Some other considerations:

  • Add a new SLT flag, say UNTRUSTED to indicate string log contents that originate either from a client request or a backend response. This is mainly to indicate that we don't know for sure whether a log formatter will need to do additional escaping/quoting.

  • Add a BOM byte (inspired by UTF), so that a VSL client can detect the byte order in a binary log file.

  • Encapsulate all of the meta-data in a "header" for binary log files, so that clients can read them without having to know the Varnish version with which the log was produced (or be forced to use the identical version of libvarnishapi).

Rationales for these ideas:

  • In practice, whether to escape strings from the log is one of the hardest (most annoying) problems for formatting strings from the log for a format like JSON. Notoriously, the User-Agent header may contain double quotes, or any other manner of shlock; and many logging use cases call for extracting User-Agent. IMO it would help a lot if we can tell VSL clients whether or not we know if a string in the log payload is free of such things. If we know for certain that it is (because only varnishd produced the string), then a JSON formatter only has to enclose it in double quotes.

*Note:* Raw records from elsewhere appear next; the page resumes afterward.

lemma compact_band:
  fixes a b :: "'a::t2_space \<Rightarrow> real"
  assumes "compact T" "continuous_on T a" "continuous_on T b"
  shows "compact {t \<in> T. a t \<le> r \<and> r \<le> b t}"
proof -
  have "closed (T \<inter> a -` {..r})"
    using compact_imp_closed[OF assms(1)] by (intro continuous_closed_preimage[OF assms(2)]) auto
  then have "closed (T \<inter> a -` {..r} \<inter> b -` {r..})"
    by (rule continuous_closed_preimage[OF continuous_on_subset[OF assms(3) Int_lower1]]) auto
  moreover have "{t \<in> T. a t \<le> r \<and> r \<le> b t} = T \<inter> (T \<inter> a -` {..r} \<inter> b -` {r..})"
    by auto
  ultimately show ?thesis
    using assms(1) by (simp add: compact_Int_closed)
qed

lemma finite_ints_between:
  fixes a b :: "'a \<Rightarrow> real"
  assumes "bdd_below (a ` T)" "bdd_above (b ` T)"
  shows "finite {j::int. \<exists>t\<in>T. a t \<le> of_int j \<and> of_int j \<le> b t}"
proof -
  obtain lo hi where lo: "\<And>t. t \<in> T \<Longrightarrow> lo \<le> a t" and hi: "\<And>t. t \<in> T \<Longrightarrow> b t \<le> hi"
    using assms by (meson bdd_above.E bdd_below.E imageI)
  have "j \<in> {\<lfloor>lo\<rfloor>..\<lceil>hi\<rceil>}" if "t \<in> T" "a t \<le> of_int j" "of_int j \<le> b t" for j t
    using lo[OF that(1)] hi[OF that(1)] that(2,3) by (simp add: floor_le_iff le_ceiling_iff)
  then have "{j::int. \<exists>t\<in>T. a t \<le> of_int j \<and> of_int j \<le> b t} \<subseteq> {\<lfloor>lo\<rfloor>..\<lceil>hi\<rceil>}"
    by blast
  then show ?thesis
    using finite_subset by blast
qed

lemma finite_family_attains_min:
  fixes f :: "'i \<Rightarrow> 'a::topological_space \<Rightarrow> real"
  assumes "finite I" "\<And>i. i \<in> I \<Longrightarrow> compact (K i)" "\<And>i. i \<in> I \<Longrightarrow> continuous_on (K i) (f i)"
    and "i0 \<in> I" "p0 \<in> K i0"
  shows "\<exists>i\<in>I. \<exists>p\<in>K i. \<forall>j\<in>I. \<forall>q\<in>K j. f i p \<le> f j q"
proof -
  let ?S = "\<Union>i\<in>I. f i ` K i"
  have "compact ?S"
    using assms(1) by (rule compact_UN) (use assms(2,3) compact_continuous_image in blast)
  moreover have "?S \<noteq> {}"
    using assms(4,5) by blast
  ultimately obtain m where m: "m \<in> ?S" "\<forall>y\<in>?S. m \<le> y"
    by (meson compact_attains_inf)
  then obtain i p where "i \<in> I" "p \<in> K i" "m = f i p"
    by blast
  moreover have "\<forall>j\<in>I. \<forall>q\<in>K j. m \<le> f j q"
    using m(2) by blast
  ultimately show ?thesis
    by blast
qed

locale coupled_supersolution =
  fixes \<alpha> \<beta> d M :: real
    and c :: "int \<Rightarrow> real \<Rightarrow> real"
    and \<zeta> \<xi> :: "real \<Rightarrow> real"
    and \<rho> \<rho>' :: "int \<Rightarrow> real \<Rightarrow> real"
    and v vt vx vxx :: "int \<Rightarrow> real \<Rightarrow> real \<Rightarrow> real"
  assumes pos: "\<alpha> > 0" "\<beta> > 0" "d > 0"
    and c_bound: "\<And>j. AE t in lborel. t > 0 \<longrightarrow> c j t \<le> M"
    and \<zeta>_cont: "continuous_on {0..} \<zeta>"
    and \<xi>_cont: "continuous_on {0..} \<xi>"
    and \<rho>_deriv: "\<And>j t. t \<ge> 0 \<Longrightarrow> (\<rho> j has_real_derivative \<rho>' j t) (at t within {0..})"
    and \<rho>'_cont: "\<And>j. continuous_on {0..} (\<rho>' j)"
    and v_cont: "\<And>j. continuous_on ({0..} \<times> {0..1}) (\<lambda>(t, x). v j t x)"
    and vt_deriv: "\<And>j t x. t > 0 \<Longrightarrow> 0 < x \<Longrightarrow> x < 1 \<Longrightarrow>
                   ((\<lambda>s. v j s x) has_real_derivative vt j t x) (at t)"
    and vx_deriv: "\<And>j t x. t > 0 \<Longrightarrow> x \<in> {0..1} \<Longrightarrow>
                   ((\<lambda>y. v j t y) has_real_derivative vx j t x) (at x within {0..1})"
    and vxx_deriv: "\<And>j t x. t > 0 \<Longrightarrow> 0 < x \<Longrightarrow> x < 1 \<Longrightarrow>
                   ((\<lambda>y. vx j t y) has_real_derivative vxx j t x) (at x)"
    and heat_ineq: "\<And>j t x. t > 0 \<Longrightarrow> \<zeta> t \<le> of_int j \<Longrightarrow> of_int j \<le> \<xi> t \<Longrightarrow>
                   0 < x \<Longrightarrow> x < 1 \<Longrightarrow> vt j t x - d * vxx j t x \<ge> 0"
    and \<rho>_ineq: "\<And>j t. t > 0 \<Longrightarrow> \<zeta> t \<le> of_int j \<Longrightarrow> of_int j \<le> \<xi> t \<Longrightarrow>
                   \<rho>' j t - c j t * \<rho> j t \<ge> \<alpha> * (v j t 0 + v (j - 1) t 1)"
    and flux_left: "\<And>j t. t > 0 \<Longrightarrow> \<zeta> t \<le> of_int j \<Longrightarrow> of_int j \<le> \<xi> t \<Longrightarrow>
                   - d * vx j t 0 + \<alpha> * v j t 0 \<ge> \<beta> * \<rho> j t"
    and flux_right: "\<And>j t. t > 0 \<Longrightarrow> \<zeta> t \<le> of_int j \<Longrightarrow> of_int j \<le> \<xi> t \<Longrightarrow>
                   d * vx j t 1 + \<alpha> * v j t 1 \<ge> \<beta> * \<rho> (j + 1) t"
    and init_nonneg: "\<And>j x. x \<in> {0..1} \<Longrightarrow> \<zeta> 0 - 1 \<le> of_int j \<Longrightarrow> of_int j \<le> \<xi> 0 + 1 \<Longrightarrow>
                   v j 0 x \<ge> 0 \<and> \<rho> j 0 \<ge> 0"
    and side_nonneg: "\<And>j t x. t > 0 \<Longrightarrow> x \<in> {0..1} \<Longrightarrow>
                   (\<zeta> t - 1 \<le> of_int j \<and> of_int j < \<zeta> t) \<or> (\<xi> t < of_int j \<and> of_int j \<le> \<xi> t + 1) \<Longrightarrow>
                   v j t x \<ge> 0 \<and> \<rho> j t \<ge> 0"
begin

(* Any \<kappa> > \<beta>/\<alpha> makes the boundary inequalities incompatible with a negative minimum of v,
   and any positive \<gamma> > M + 2\<alpha>\<kappa> does the same for the heat inequality and the differential
   inequality of \<rho>. *)
definition \<kappa> :: real where "\<kappa> = 2 * \<beta> / \<alpha>"

definition \<gamma> :: real where "\<gamma> = \<bar>M\<bar> + 2 * \<alpha> * \<kappa> + 1"

definition scaled_min :: "int \<Rightarrow> real \<Rightarrow> real \<Rightarrow> real" where
  "scaled_min j t x = exp (- \<gamma> * t) * min (v j t x) (\<kappa> * \<rho> j t)"

definition region :: "real \<Rightarrow> int \<Rightarrow> (real \<times> real) set" where
  "region T j = {t \<in> {0..T}. \<zeta> t - 1 \<le> of_int j \<and> of_int j \<le> \<xi> t + 1} \<times> {0..1}"

lemma \<kappa>_pos: "\<kappa> > 0"
  using pos by (simp add: \<kappa>_def)

lemma \<gamma>_pos: "\<gamma> > 0"
proof -
  have "0 < 2 * \<alpha> * \<kappa>"
    using \<kappa>_pos pos(1) by simp
  then show ?thesis
    unfolding \<gamma>_def by (simp add: add_nonneg_pos add_pos_pos)
qed

lemma \<gamma>_large: "M + 2 * \<alpha> * \<kappa> < \<gamma>"
  by (simp add: \<gamma>_def)

lemma \<rho>_continuous: "continuous_on {0..} (\<rho> j)"
  using \<rho>_deriv by (meson DERIV_continuous atLeast_iff continuous_on_eq_continuous_within)

lemma v_continuous_in_time:
  assumes "x \<in> {0..1}"
  shows "continuous_on {0..} (\<lambda>s. v j s x)"
proof -
  have "continuous_on {0..} ((\<lambda>(t, x). v j t x) \<circ> (\<lambda>s. (s, x)))"
    using assms by (intro continuous_on_compose continuous_intros continuous_on_subset[OF v_cont]) auto
  then show ?thesis
    by (simp add: o_def)
qed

  • Byte order issues are only relevant for one rather uncommon situation -- a binary log file is produced on one machine, and read on another machine, not necessarily with the same native byte order. Ordinarily, log contents are read and written on the same machine. So we keep the solution appropriately small -- varnishd writes log contents in native byte order, and a binary log file makes the byte order detectable.

  • If binary log files have a header with the meta-data, then VSL clients reading binary log files may have a great deal of independence from the Varnish and API version with which log contents were created.